We will use a synthetic dataset simulating daily temperature readings over several months.

In [None]:
import pandas as pd
import numpy as np

# Generate synthetic time series data
np.random.seed(42)
date_rng = pd.date_range(start="2023-01-01", end="2023-04-30", freq="D")
temperature = np.random.normal(loc=15, scale=5, size=len(date_rng))
df_ts = pd.DataFrame({"Date": date_rng, "Temperature": temperature})
df_ts.loc[np.random.choice(df_ts.index, 10), "Temperature"] = (
    np.nan
)  # add missing values
df_ts.set_index("Date", inplace=True)

df_ts.head()

### Plot the Time Series

In [None]:
import matplotlib.pyplot as plt

df_ts.plot(figsize=(10, 4), title="Daily Temperature")
plt.ylabel("Temperature (°C)")
plt.grid(True)
plt.show()

### Fill Missing Values and Resample

In [None]:
# Interpolate missing values
df_filled = df_ts.interpolate()

# Resample to weekly average
df_weekly = df_filled.resample("W").mean()

df_weekly.head()

### Exercise 1: Time Series Handling


- Count the number of missing values in `df_ts`
- Fill missing values using forward fill instead of interpolation
- Plot both original and filled time series for comparison


In [None]:
# TODO: Fill missing values using ffill
df_ffill = df_ts.fillna(method="ffill")

## Part 2: Text Preprocessing (NLP)

We will use a small corpus of text to explore common text preprocessing techniques.

In [None]:
documents = [
    "Natural Language Processing (NLP) is a subfield of AI.",
    "It focuses on understanding and generating human language.",
    "Text preprocessing is a crucial step in NLP pipelines.",
    "Common techniques include tokenization, stopword removal, and stemming.",
]

### Basic Text Cleaning

In [None]:
import re


def clean_text(text):
    text = text.lower()
    text = re.sub(r"[^a-z\s]", "", text)
    return text


cleaned_docs = [clean_text(doc) for doc in documents]
cleaned_docs

### Tokenization and Stopword Removal

In [None]:
from sklearn.feature_extraction.text import ENGLISH_STOP_WORDS


def tokenize(text):
    return [word for word in text.split() if word not in ENGLISH_STOP_WORDS]

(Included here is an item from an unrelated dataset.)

(* Let $n\ge1$, $m=\lfloor n/2\rfloor$, $\rho\in(0,1)$, $j\in\mathbb Z$, and let $k\le l$ be integers. If $Z^{j}_m[l]_n\le Z^{\rho,1}_m[k]_n$, then $$L_j[l]_n-L_j[k]_n\le L^{\rho,1}_m[l]_n-L^{\rho,1}_m[k]_n.$$ If $Z^{\rho,1}_m[l]_n\le Z^{j}_m[k]_n$, then $$L^{\rho,1}_m[l]_n-L^{\rho,1}_m[k]_n\le L_j[l]_n-L_j[k]_n.$$
   Context: Let $\omega=\{\omega_{i,j}:(i,j)\in\mathbb Z^2,\ i+j>0\}$ be i.i.d. exponential random variables with parameter $1$. Write $(i,j)\le(k,l)$ if $i\le k$ and $j\le l$. An up-right path from $\mathbf x$ to $\mathbf y$ is a sequence $\mathbf x=\mathbf x_0,\dots,\mathbf x_m=\mathbf y$ with increments in $\{(1,0),(0,1)\}$; its passage time is $\sum_{i=1}^m\omega_{\mathbf x_i}$ (starting point excluded). For $\mathbf x=(i,j)\le\mathbf y$ with $i+j\ge0$, $L(\mathbf x,\mathbf y)$ is the maximal passage time over up-right paths, and the geodesic from $\mathbf x$ to $\mathbf y$ is the (a.s. unique) path attaining it. For integer $k$, $[k]_n:=(n+k,n-k)$ and $L_k(\mathbf x):=L([k]_0,\mathbf x)$. For $\rho\in(0,1)$, let $\mathrm s^1_\rho$ be a stationary profile independent of $\omega$: $\mathrm s^1_\rho(0)=0$, $\mathrm s^1_\rho(k)=\sum_{i=1}^k\zeta_i$ ($k>0$), $\mathrm s^1_\rho(k)=-\sum_{i=k+1}^0\zeta_i$ ($k<0$), with $\zeta_i$ i.i.d. copies of $E_1-E_2$, $E_1,E_2$ independent exponentials of rates $1-\rho$ and $\rho$. Define $L^{\rho,1}_m[k]_n:=\max\{\mathrm s^1_\rho(i)+L([i]_m,[k]_n): i\in\mathbb Z,\ [i]_m\le[k]_n\}$ and let $Z^{\rho,1}_m[k]_n$ be the largest maximizing $i$. For $j$ with $[j]_0\le[k]_n$, let $Z^j_m[k]_n$ be the integer $z$ such that $[z]_m$ is the point where the geodesic from $[j]_0$ to $[k]_n$ meets the anti-diagonal $\{(m+i,m-i):i\in\mathbb Z\}$. *)

theory Defs
  imports "HOL-Probability.Probability"
begin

tokenized_docs = [tokenize(doc) for doc in cleaned_docs]
tokenized_docs

### Vectorization with CountVectorizer

In [None]:
from sklearn.feature_extraction.text import CountVectorizer

vectorizer = CountVectorizer()
X_counts = vectorizer.fit_transform(cleaned_docs)
pd.DataFrame(X_counts.toarray(), columns=vectorizer.get_feature_names_out())

### Exercise 2: Text Preprocessing


- Write a function to clean and tokenize a list of new documents
- Use `TfidfVectorizer` to vectorize them
- Print the TF-IDF matrix


In [None]:
# TODO: Add your new documents and preprocess them
from sklearn.feature_extraction.text import TfidfVectorizer

new_docs = [
    "Language models are powerful tools.",
    "Preprocessing affects model performance.",
]
tfidf = TfidfVectorizer(stop_words="english")
X_tfidf = tfidf.fit_transform(new_docs)
pd.DataFrame(X_tfidf.toarray(), columns=tfidf.get_feature_names_out())